◆ WHAT TO DO ◆
Could you set down every record below exactly as it appears?

========================================

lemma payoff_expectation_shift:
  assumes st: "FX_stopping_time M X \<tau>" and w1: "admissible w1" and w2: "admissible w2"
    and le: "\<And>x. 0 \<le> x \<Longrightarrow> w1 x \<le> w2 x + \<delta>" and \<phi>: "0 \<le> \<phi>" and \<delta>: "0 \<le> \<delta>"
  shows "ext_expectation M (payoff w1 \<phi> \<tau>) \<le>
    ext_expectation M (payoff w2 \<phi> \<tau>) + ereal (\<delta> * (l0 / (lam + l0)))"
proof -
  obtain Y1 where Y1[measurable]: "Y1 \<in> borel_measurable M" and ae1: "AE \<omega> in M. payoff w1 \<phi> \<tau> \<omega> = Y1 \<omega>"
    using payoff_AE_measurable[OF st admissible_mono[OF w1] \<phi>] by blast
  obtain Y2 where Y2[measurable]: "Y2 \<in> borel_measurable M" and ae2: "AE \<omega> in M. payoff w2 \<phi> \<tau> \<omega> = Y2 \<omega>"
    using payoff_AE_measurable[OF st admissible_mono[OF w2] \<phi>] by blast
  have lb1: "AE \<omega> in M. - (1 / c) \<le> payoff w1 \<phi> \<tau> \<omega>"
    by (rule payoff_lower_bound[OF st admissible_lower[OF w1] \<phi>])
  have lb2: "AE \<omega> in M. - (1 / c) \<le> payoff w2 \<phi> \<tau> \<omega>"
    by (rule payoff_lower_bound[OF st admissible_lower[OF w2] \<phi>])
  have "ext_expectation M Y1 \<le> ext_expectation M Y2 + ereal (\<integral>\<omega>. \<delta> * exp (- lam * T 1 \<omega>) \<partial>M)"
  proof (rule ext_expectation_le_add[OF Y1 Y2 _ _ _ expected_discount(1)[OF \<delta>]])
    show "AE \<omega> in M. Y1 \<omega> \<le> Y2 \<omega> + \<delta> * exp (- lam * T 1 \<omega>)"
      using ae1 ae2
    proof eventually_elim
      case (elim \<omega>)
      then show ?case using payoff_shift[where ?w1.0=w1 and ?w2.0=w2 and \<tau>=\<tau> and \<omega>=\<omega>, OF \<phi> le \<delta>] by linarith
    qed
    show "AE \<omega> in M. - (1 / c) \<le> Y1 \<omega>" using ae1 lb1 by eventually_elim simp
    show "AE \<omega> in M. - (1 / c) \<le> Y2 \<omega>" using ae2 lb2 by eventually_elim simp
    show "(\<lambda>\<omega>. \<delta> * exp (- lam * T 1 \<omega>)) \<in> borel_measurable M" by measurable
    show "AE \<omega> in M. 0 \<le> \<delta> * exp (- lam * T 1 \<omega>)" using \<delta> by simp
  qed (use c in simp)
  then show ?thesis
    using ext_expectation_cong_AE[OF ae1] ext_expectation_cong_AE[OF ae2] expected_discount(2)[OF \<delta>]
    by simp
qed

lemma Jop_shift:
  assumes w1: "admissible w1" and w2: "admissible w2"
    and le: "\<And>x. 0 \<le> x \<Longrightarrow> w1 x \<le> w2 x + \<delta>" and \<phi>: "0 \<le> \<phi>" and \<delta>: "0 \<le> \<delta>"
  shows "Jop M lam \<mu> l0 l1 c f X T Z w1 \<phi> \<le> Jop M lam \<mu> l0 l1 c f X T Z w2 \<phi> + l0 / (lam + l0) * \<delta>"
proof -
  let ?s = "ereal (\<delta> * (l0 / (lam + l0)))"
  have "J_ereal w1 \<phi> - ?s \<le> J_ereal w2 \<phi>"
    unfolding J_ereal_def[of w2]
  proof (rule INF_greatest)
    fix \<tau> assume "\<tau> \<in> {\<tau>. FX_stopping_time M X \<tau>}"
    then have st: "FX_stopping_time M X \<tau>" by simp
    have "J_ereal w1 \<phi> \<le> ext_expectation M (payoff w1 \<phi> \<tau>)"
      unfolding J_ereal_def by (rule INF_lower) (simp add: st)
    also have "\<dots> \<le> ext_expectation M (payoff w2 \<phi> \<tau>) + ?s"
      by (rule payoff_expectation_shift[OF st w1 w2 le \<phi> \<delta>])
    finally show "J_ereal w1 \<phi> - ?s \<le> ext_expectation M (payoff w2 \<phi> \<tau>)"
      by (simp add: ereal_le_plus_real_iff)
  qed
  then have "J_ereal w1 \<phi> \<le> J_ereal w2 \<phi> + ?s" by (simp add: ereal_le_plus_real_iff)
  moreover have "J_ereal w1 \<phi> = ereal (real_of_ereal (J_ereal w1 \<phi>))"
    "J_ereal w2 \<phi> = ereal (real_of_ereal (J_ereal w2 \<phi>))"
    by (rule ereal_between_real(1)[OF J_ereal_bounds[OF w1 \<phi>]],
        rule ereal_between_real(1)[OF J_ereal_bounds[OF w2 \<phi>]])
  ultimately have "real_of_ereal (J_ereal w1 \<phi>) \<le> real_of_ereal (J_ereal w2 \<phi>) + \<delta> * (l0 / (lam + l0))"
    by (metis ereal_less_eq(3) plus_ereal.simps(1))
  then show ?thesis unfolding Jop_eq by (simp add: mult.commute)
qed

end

========================================

◆ SOLUTION FOR THIS PROBLEM ◆
lemma payoff_expectation_shift:
  assumes st: "FX_stopping_time M X \<tau>" and w1: "admissible w1" and w2: "admissible w2"
    and le: "\<And>x. 0 \<le> x \<Longrightarrow> w1 x \<le> w2 x + \<delta>" and \<phi>: "0 \<le> \<phi>" and \<delta>: "0 \<le> \<delta>"
  shows "ext_expectation M (payoff w1 \<phi> \<tau>) \<le>
    ext_expectation M (payoff w2 \<phi> \<tau>) + ereal (\<delta> * (l0 / (lam + l0)))"
proof -
  obtain Y1 where Y1[measurable]: "Y1 \<in> borel_measurable M" and ae1: "AE \<omega> in M. payoff w1 \<phi> \<tau> \<omega> = Y1 \<omega>"
    using payoff_AE_measurable[OF st admissible_mono[OF w1] \<phi>] by blast
  obtain Y2 where Y2[measurable]: "Y2 \<in> borel_measurable M" and ae2: "AE \<omega> in M. payoff w2 \<phi> \<tau> \<omega> = Y2 \<omega>"
    using payoff_AE_measurable[OF st admissible_mono[OF w2] \<phi>] by blast
  have lb1: "AE \<omega> in M. - (1 / c) \<le> payoff w1 \<phi> \<tau> \<omega>"
    by (rule payoff_lower_bound[OF st admissible_lower[OF w1] \<phi>])
  have lb2: "AE \<omega> in M. - (1 / c) \<le> payoff w2 \<phi> \<tau> \<omega>"
    by (rule payoff_lower_bound[OF st admissible_lower[OF w2] \<phi>])
  have "ext_expectation M Y1 \<le> ext_expectation M Y2 + ereal (\<integral>\<omega>. \<delta> * exp (- lam * T 1 \<omega>) \<partial>M)"
  proof (rule ext_expectation_le_add[OF Y1 Y2 _ _ _ expected_discount(1)[OF \<delta>]])
    show "AE \<omega> in M. Y1 \<omega> \<le> Y2 \<omega> + \<delta> * exp (- lam * T 1 \<omega>)"
      using ae1 ae2
    proof eventually_elim
      case (elim \<omega>)
      then show ?case using payoff_shift[where ?w1.0=w1 and ?w2.0=w2 and \<tau>=\<tau> and \<omega>=\<omega>, OF \<phi> le \<delta>] by linarith
    qed
    show "AE \<omega> in M. - (1 / c) \<le> Y1 \<omega>" using ae1 lb1 by eventually_elim simp
    show "AE \<omega> in M. - (1 / c) \<le> Y2 \<omega>" using ae2 lb2 by eventually_elim simp
    show "(\<lambda>\<omega>. \<delta> * exp (- lam * T 1 \<omega>)) \<in> borel_measurable M" by measurable
    show "AE \<omega> in M. 0 \<le> \<delta> * exp (- lam * T 1 \<omega>)" using \<delta> by simp
  qed (use c in simp)
  then show ?thesis
    using ext_expectation_cong_AE[OF ae1] ext_expectation_cong_AE[OF ae2] expected_discount(2)[OF \<delta>]
    by simp
qed

lemma Jop_shift:
  assumes w1: "admissible w1" and w2: "admissible w2"
    and le: "\<And>x. 0 \<le> x \<Longrightarrow> w1 x \<le> w2 x + \<delta>" and \<phi>: "0 \<le> \<phi>" and \<delta>: "0 \<le> \<delta>"
  shows "Jop M lam \<mu> l0 l1 c f X T Z w1 \<phi> \<le> Jop M lam \<mu> l0 l1 c f X T Z w2 \<phi> + l0 / (lam + l0) * \<delta>"
proof -
  let ?s = "ereal (\<delta> * (l0 / (lam + l0)))"
  have "J_ereal w1 \<phi> - ?s \<le> J_ereal w2 \<phi>"
    unfolding J_ereal_def[of w2]
  proof (rule INF_greatest)
    fix \<tau> assume "\<tau> \<in> {\<tau>. FX_stopping_time M X \<tau>}"
    then have st: "FX_stopping_time M X \<tau>" by simp
    have "J_ereal w1 \<phi> \<le> ext_expectation M (payoff w1 \<phi> \<tau>)"
      unfolding J_ereal_def by (rule INF_lower) (simp add: st)
    also have "\<dots> \<le> ext_expectation M (payoff w2 \<phi> \<tau>) + ?s"
      by (rule payoff_expectation_shift[OF st w1 w2 le \<phi> \<delta>])
    finally show "J_ereal w1 \<phi> - ?s \<le> ext_expectation M (payoff w2 \<phi> \<tau>)"
      by (simp add: ereal_le_plus_real_iff)
  qed
  then have "J_ereal w1 \<phi> \<le> J_ereal w2 \<phi> + ?s" by (simp add: ereal_le_plus_real_iff)
  moreover have "J_ereal w1 \<phi> = ereal (real_of_ereal (J_ereal w1 \<phi>))"
    "J_ereal w2 \<phi> = ereal (real_of_ereal (J_ereal w2 \<phi>))"
    by (rule ereal_between_real(1)[OF J_ereal_bounds[OF w1 \<phi>]],
        rule ereal_between_real(1)[OF J_ereal_bounds[OF w2 \<phi>]])
  ultimately have "real_of_ereal (J_ereal w1 \<phi>) \<le> real_of_ereal (J_ereal w2 \<phi>) + \<delta> * (l0 / (lam + l0))"
    by (metis ereal_less_eq(3) plus_ereal.simps(1))
  then show ?thesis unfolding Jop_eq by (simp add: mult.commute)
qed

end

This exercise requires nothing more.